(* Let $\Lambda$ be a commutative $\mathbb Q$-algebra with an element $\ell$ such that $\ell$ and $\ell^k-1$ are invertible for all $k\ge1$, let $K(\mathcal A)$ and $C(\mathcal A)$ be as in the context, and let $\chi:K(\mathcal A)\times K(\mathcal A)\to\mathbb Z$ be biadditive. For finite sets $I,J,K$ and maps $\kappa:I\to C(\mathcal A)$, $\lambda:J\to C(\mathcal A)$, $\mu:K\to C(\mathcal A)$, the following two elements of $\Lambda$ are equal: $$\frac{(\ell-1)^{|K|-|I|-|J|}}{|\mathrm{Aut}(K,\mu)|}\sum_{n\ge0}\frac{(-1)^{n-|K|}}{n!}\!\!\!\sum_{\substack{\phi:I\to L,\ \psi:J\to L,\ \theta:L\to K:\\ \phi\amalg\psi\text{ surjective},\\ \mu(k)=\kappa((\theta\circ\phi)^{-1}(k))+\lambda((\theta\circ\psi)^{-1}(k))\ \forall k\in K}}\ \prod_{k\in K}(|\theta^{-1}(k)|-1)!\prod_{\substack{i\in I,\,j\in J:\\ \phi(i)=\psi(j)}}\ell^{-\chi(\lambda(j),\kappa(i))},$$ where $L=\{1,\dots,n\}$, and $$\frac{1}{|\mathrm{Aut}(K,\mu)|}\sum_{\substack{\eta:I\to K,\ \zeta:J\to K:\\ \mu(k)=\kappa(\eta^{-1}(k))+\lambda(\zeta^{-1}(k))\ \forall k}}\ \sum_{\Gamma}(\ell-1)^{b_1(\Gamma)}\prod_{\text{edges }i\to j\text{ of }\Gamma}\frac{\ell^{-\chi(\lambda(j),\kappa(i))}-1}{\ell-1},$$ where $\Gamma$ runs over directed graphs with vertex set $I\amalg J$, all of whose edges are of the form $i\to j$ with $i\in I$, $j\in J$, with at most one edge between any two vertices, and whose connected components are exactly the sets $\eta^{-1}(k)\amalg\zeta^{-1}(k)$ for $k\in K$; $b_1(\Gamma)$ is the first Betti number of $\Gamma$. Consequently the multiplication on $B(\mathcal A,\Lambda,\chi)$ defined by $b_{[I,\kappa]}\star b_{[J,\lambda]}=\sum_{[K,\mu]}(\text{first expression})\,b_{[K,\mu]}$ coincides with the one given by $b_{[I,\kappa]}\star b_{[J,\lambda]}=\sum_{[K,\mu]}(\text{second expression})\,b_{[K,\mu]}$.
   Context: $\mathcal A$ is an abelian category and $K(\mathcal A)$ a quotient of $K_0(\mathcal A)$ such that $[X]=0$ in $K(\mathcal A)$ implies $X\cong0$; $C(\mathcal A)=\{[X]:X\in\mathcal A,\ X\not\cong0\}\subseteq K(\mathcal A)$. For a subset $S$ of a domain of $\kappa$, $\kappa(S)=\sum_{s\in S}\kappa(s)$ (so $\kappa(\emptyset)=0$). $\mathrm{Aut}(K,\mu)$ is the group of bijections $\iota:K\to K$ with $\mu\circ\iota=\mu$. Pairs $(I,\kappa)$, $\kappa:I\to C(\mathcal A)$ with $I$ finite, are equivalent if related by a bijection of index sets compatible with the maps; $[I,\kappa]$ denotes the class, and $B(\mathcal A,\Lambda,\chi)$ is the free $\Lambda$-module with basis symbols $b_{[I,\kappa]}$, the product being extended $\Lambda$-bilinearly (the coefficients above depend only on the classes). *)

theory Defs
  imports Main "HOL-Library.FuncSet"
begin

#####

(Directions for this task): In this exercise, reproduce the material word for word, in full.

(Written answer):
(* Let $\Lambda$ be a commutative $\mathbb Q$-algebra with an element $\ell$ such that $\ell$ and $\ell^k-1$ are invertible for all $k\ge1$, let $K(\mathcal A)$ and $C(\mathcal A)$ be as in the context, and let $\chi:K(\mathcal A)\times K(\mathcal A)\to\mathbb Z$ be biadditive. For finite sets $I,J,K$ and maps $\kappa:I\to C(\mathcal A)$, $\lambda:J\to C(\mathcal A)$, $\mu:K\to C(\mathcal A)$, the following two elements of $\Lambda$ are equal: $$\frac{(\ell-1)^{|K|-|I|-|J|}}{|\mathrm{Aut}(K,\mu)|}\sum_{n\ge0}\frac{(-1)^{n-|K|}}{n!}\!\!\!\sum_{\substack{\phi:I\to L,\ \psi:J\to L,\ \theta:L\to K:\\ \phi\amalg\psi\text{ surjective},\\ \mu(k)=\kappa((\theta\circ\phi)^{-1}(k))+\lambda((\theta\circ\psi)^{-1}(k))\ \forall k\in K}}\ \prod_{k\in K}(|\theta^{-1}(k)|-1)!\prod_{\substack{i\in I,\,j\in J:\\ \phi(i)=\psi(j)}}\ell^{-\chi(\lambda(j),\kappa(i))},$$ where $L=\{1,\dots,n\}$, and $$\frac{1}{|\mathrm{Aut}(K,\mu)|}\sum_{\substack{\eta:I\to K,\ \zeta:J\to K:\\ \mu(k)=\kappa(\eta^{-1}(k))+\lambda(\zeta^{-1}(k))\ \forall k}}\ \sum_{\Gamma}(\ell-1)^{b_1(\Gamma)}\prod_{\text{edges }i\to j\text{ of }\Gamma}\frac{\ell^{-\chi(\lambda(j),\kappa(i))}-1}{\ell-1},$$ where $\Gamma$ runs over directed graphs with vertex set $I\amalg J$, all of whose edges are of the form $i\to j$ with $i\in I$, $j\in J$, with at most one edge between any two vertices, and whose connected components are exactly the sets $\eta^{-1}(k)\amalg\zeta^{-1}(k)$ for $k\in K$; $b_1(\Gamma)$ is the first Betti number of $\Gamma$. Consequently the multiplication on $B(\mathcal A,\Lambda,\chi)$ defined by $b_{[I,\kappa]}\star b_{[J,\lambda]}=\sum_{[K,\mu]}(\text{first expression})\,b_{[K,\mu]}$ coincides with the one given by $b_{[I,\kappa]}\star b_{[J,\lambda]}=\sum_{[K,\mu]}(\text{second expression})\,b_{[K,\mu]}$.
   Context: $\mathcal A$ is an abelian category and $K(\mathcal A)$ a quotient of $K_0(\mathcal A)$ such that $[X]=0$ in $K(\mathcal A)$ implies $X\cong0$; $C(\mathcal A)=\{[X]:X\in\mathcal A,\ X\not\cong0\}\subseteq K(\mathcal A)$. For a subset $S$ of a domain of $\kappa$, $\kappa(S)=\sum_{s\in S}\kappa(s)$ (so $\kappa(\emptyset)=0$). $\mathrm{Aut}(K,\mu)$ is the group of bijections $\iota:K\to K$ with $\mu\circ\iota=\mu$. Pairs $(I,\kappa)$, $\kappa:I\to C(\mathcal A)$ with $I$ finite, are equivalent if related by a bijection of index sets compatible with the maps; $[I,\kappa]$ denotes the class, and $B(\mathcal A,\Lambda,\chi)$ is the free $\Lambda$-module with basis symbols $b_{[I,\kappa]}$, the product being extended $\Lambda$-bilinearly (the coefficients above depend only on the classes). *)

theory Defs
  imports Main "HOL-Library.FuncSet"
begin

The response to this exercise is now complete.